**STORED DATA:**
###

definition fusion_algebra ::
  "'i set \<Rightarrow> 'i \<Rightarrow> ('i \<Rightarrow> 'i) \<Rightarrow> ('i \<Rightarrow> 'i \<Rightarrow> 'i \<Rightarrow> nat) \<Rightarrow> ('i \<Rightarrow> real) \<Rightarrow> bool" where
  "fusion_algebra I e bar N d \<longleftrightarrow>
     e \<in> I \<and> (\<forall>a\<in>I. bar a \<in> I \<and> bar (bar a) = a)
   \<comment> \<open>structure constants live on I and have finite support\<close>
   \<and> (\<forall>a x y. N a x y \<noteq> 0 \<longrightarrow> a \<in> I \<and> x \<in> I \<and> y \<in> I)
   \<and> (\<forall>x\<in>I. \<forall>y\<in>I. finite {a. N a x y \<noteq> 0})
   \<comment> \<open>e is a two-sided unit\<close>
   \<and> (\<forall>a\<in>I. \<forall>x\<in>I. N a e x = (if a = x then 1 else 0) \<and> N a x e = (if a = x then 1 else 0))
   \<comment> \<open>associativity\<close>
   \<and> (\<forall>a\<in>I. \<forall>x\<in>I. \<forall>y\<in>I. \<forall>z\<in>I.
        (\<Sum>b\<in>{b. N b x y \<noteq> 0}. N b x y * N a b z) = (\<Sum>b\<in>{b. N b y z \<noteq> 0}. N a x b * N b y z))
   \<comment> \<open>the involution is antimultiplicative: bar(x y) = bar y * bar x\<close>
   \<and> (\<forall>a\<in>I. \<forall>x\<in>I. \<forall>y\<in>I. N (bar a) (bar y) (bar x) = N a x y)
   \<comment> \<open>Frobenius reciprocity\<close>
   \<and> (\<forall>a\<in>I. \<forall>x\<in>I. \<forall>y\<in>I. N a x y = N x a (bar y) \<and> N a x y = N y (bar x) a)
   \<comment> \<open>d: Z-linear (determined by values on I), multiplicative, d(bar a) = d a >= 1\<close>
   \<and> (\<forall>x\<in>I. \<forall>y\<in>I. d x * d y = (\<Sum>a\<in>{a. N a x y \<noteq> 0}. real (N a x y) * d a))
   \<and> (\<forall>a\<in>I. d (bar a) = d a \<and> d a \<ge> 1)"

definition finite_generating_set ::
  "'i set \<Rightarrow> 'i \<Rightarrow> ('i \<Rightarrow> 'i) \<Rightarrow> ('i \<Rightarrow> 'i \<Rightarrow> 'i \<Rightarrow> nat) \<Rightarrow> 'i set \<Rightarrow> bool" where
  "finite_generating_set I e bar N X \<longleftrightarrow>
     finite X \<and> X \<subseteq> I \<and> bar ` X = X \<and>
     (\<forall>a\<in>I. \<exists>xs. set xs \<subseteq> X \<and> a \<in> supp (word_prod N e xs))"

definition word_length ::
  "'i \<Rightarrow> ('i \<Rightarrow> 'i \<Rightarrow> 'i \<Rightarrow> nat) \<Rightarrow> 'i set \<Rightarrow> 'i \<Rightarrow> nat" where
  "word_length e N X a = (if a = e then 0 else
     (LEAST n. n \<ge> 1 \<and> (\<exists>xs. length xs = n \<and> set xs \<subseteq> X \<and> a \<in> supp (word_prod N e xs))))"

definition ball_X :: "'i set \<Rightarrow> 'i \<Rightarrow> ('i \<Rightarrow> 'i \<Rightarrow> 'i \<Rightarrow> nat) \<Rightarrow> 'i set \<Rightarrow> nat \<Rightarrow> 'i set" where
  "ball_X I e N X n = {a\<in>I. word_length e N X a \<le> n}"

definition sphere_X :: "'i set \<Rightarrow> 'i \<Rightarrow> ('i \<Rightarrow> 'i \<Rightarrow> 'i \<Rightarrow> nat) \<Rightarrow> 'i set \<Rightarrow> nat \<Rightarrow> 'i set" where
  "sphere_X I e N X n = {a\<in>I. word_length e N X a = n}"

text \<open>|A| = sum of d(a)^2 over A\<close>
definition dsize :: "('i \<Rightarrow> real) \<Rightarrow> 'i set \<Rightarrow> real" where
  "dsize d A = (\<Sum>a\<in>A. d a ^ 2)"

definition growth_rate ::
  "'i set \<Rightarrow> 'i \<Rightarrow> ('i \<Rightarrow> 'i \<Rightarrow> 'i \<Rightarrow> nat) \<Rightarrow> ('i \<Rightarrow> real) \<Rightarrow> 'i set \<Rightarrow> real" where
  "growth_rate I e N d X = lim (\<lambda>n. dsize d (ball_X I e N X n) powr (1 / real n))"

end

theory Submission
  imports Defs "HOL-Real_Asymp.Real_Asymp"
begin

text \<open>Both \<open>|B(n)|\<close> and \<open>|S(n)|\<close> are submultiplicative in \<open>n\<close>: a word of length
  \<open>n + m\<close> splits into words of lengths \<open>n\<close> and \<open>m\<close>, and the constituents \<open>c\<close> of a
  product \<open>a b\<close> satisfy \<open>\<Sum> d(c)\<^sup>2 \<le> d(a)\<^sup>2 d(b)\<^sup>2\<close> since \<open>d\<close> is multiplicative
  and \<open>d \<ge> 1\<close>. By Fekete's lemma both \<open>n\<close>-th roots converge, to \<open>\<omega>\<close> and \<open>\<sigma>\<close> say.
  The unit lies in every ball, so \<open>\<omega> \<ge> 1\<close>; spheres lie in balls, so \<open>\<sigma> \<le> \<omega>\<close>.
  Finally \<open>|B(n)|\<close> is the sum of the \<open>|S(k)|\<close> for \<open>k \<le> n\<close>, each at most \<open>C t\<^sup>n\<close> for
  any \<open>t > max 1 \<sigma>\<close>, and the factor \<open>n + 1\<close> disappears under the \<open>n\<close>-th root,
  whence \<open>\<omega> \<le> max 1 \<sigma>\<close>.\<close>

lemma submultiplicative_bound_below_Inf_root:
  fixes f :: "nat \<Rightarrow> real"
  assumes nonneg: "\<And>n. 0 \<le> f n"
    and submult: "\<And>n m. 1 \<le> n \<Longrightarrow> 1 \<le> m \<Longrightarrow> f (n + m) \<le> f n * f m"
    and less: "(INF n\<in>{1..}. f n powr (1 / real n)) < t"
  shows "\<exists>C>0. \<forall>n\<ge>1. f n \<le> C * t ^ n"
proof -
  have "bdd_below ((\<lambda>n. f n powr (1 / real n)) ` {1..})"
    by (rule bdd_belowI[of _ 0]) auto
  then have "\<exists>k\<in>{1..}. f k powr (1 / real k) < t"
    using less by (subst (asm) cINF_less_iff) auto
  then obtain k where k: "1 \<le> k" and root_k: "f k powr (1 / real k) < t"
    by auto
  have t_pos: "0 < t"
    using root_k powr_ge_zero[of "f k" "1 / real k"] by linarith
  have f_k: "f k \<le> t ^ k"
  proof -
    have "f k = (f k powr (1 / real k)) ^ k"
      using nonneg[of k] k by (simp add: powr_realpow'[symmetric] powr_powr)
    also have "\<dots> \<le> t ^ k"
      using root_k by (intro power_mono) auto
    finally show ?thesis .
  qed
  \<comment> \<open>\<open>C\<close> covers \<open>1 \<le> n \<le> k\<close>; beyond that, peel off factors \<open>f k \<le> t\<^sup>k\<close>.\<close>
  define C where "C = (Max (f ` {1..k}) + 1) / min 1 (t ^ k)"
  have min_pos: "0 < min 1 (t ^ k)"
    using t_pos by simp
  have initial: "f n \<le> C * min 1 (t ^ k)" if "n \<in> {1..k}" for n
  proof -
    have "f n \<le> Max (f ` {1..k})"
      using that by (intro Max_ge) auto
    then show ?thesis
      unfolding C_def using min_pos by simp
  qed
  have "f k \<le> Max (f ` {1..k})"
    using k by (intro Max_ge) auto
  then have C_pos: "0 < C"
    unfolding C_def using nonneg[of k] min_pos by (intro divide_pos_pos) auto
  have "f n \<le> C * t ^ n" if "1 \<le> n" for n
    using that
  proof (induction n rule: less_induct)
    case (less n)
    show ?case
    proof (cases "n \<le> k")
      case True
      have "min 1 (t ^ k) \<le> t ^ n"
        using t_pos True by (cases "t \<ge> 1") (auto simp: power_decreasing min.coboundedI2)
      then have "C * min 1 (t ^ k) \<le> C * t ^ n"
        using C_pos by (intro mult_left_mono) auto
      then show ?thesis
        using initial[of n] less.prems True by fastforce
    next
      case False
      have "f n \<le> f k * f (n - k)"
        using submult[of k "n - k"] False k by simp
      also have "\<dots> \<le> t ^ k * (C * t ^ (n - k))"
        using less.IH[of "n - k"] False k nonneg f_k t_pos by (intro mult_mono) auto
      also have "\<dots> = C * t ^ n"
        using False by (simp add: power_add[symmetric])
      finally show ?thesis .
    qed
  qed
  then show ?thesis
    using C_pos by blast
qed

###

Every line above that holds the word "omega" should be copied out.

**ANSWER TO THE PROBLEM:**
  and \<open>d \<ge> 1\<close>. By Fekete's lemma both \<open>n\<close>-th roots converge, to \<open>\<omega>\<close> and \<open>\<sigma>\<close> say.
  The unit lies in every ball, so \<open>\<omega> \<ge> 1\<close>; spheres lie in balls, so \<open>\<sigma> \<le> \<omega>\<close>.
  whence \<open>\<omega> \<le> max 1 \<sigma>\<close>.\<close>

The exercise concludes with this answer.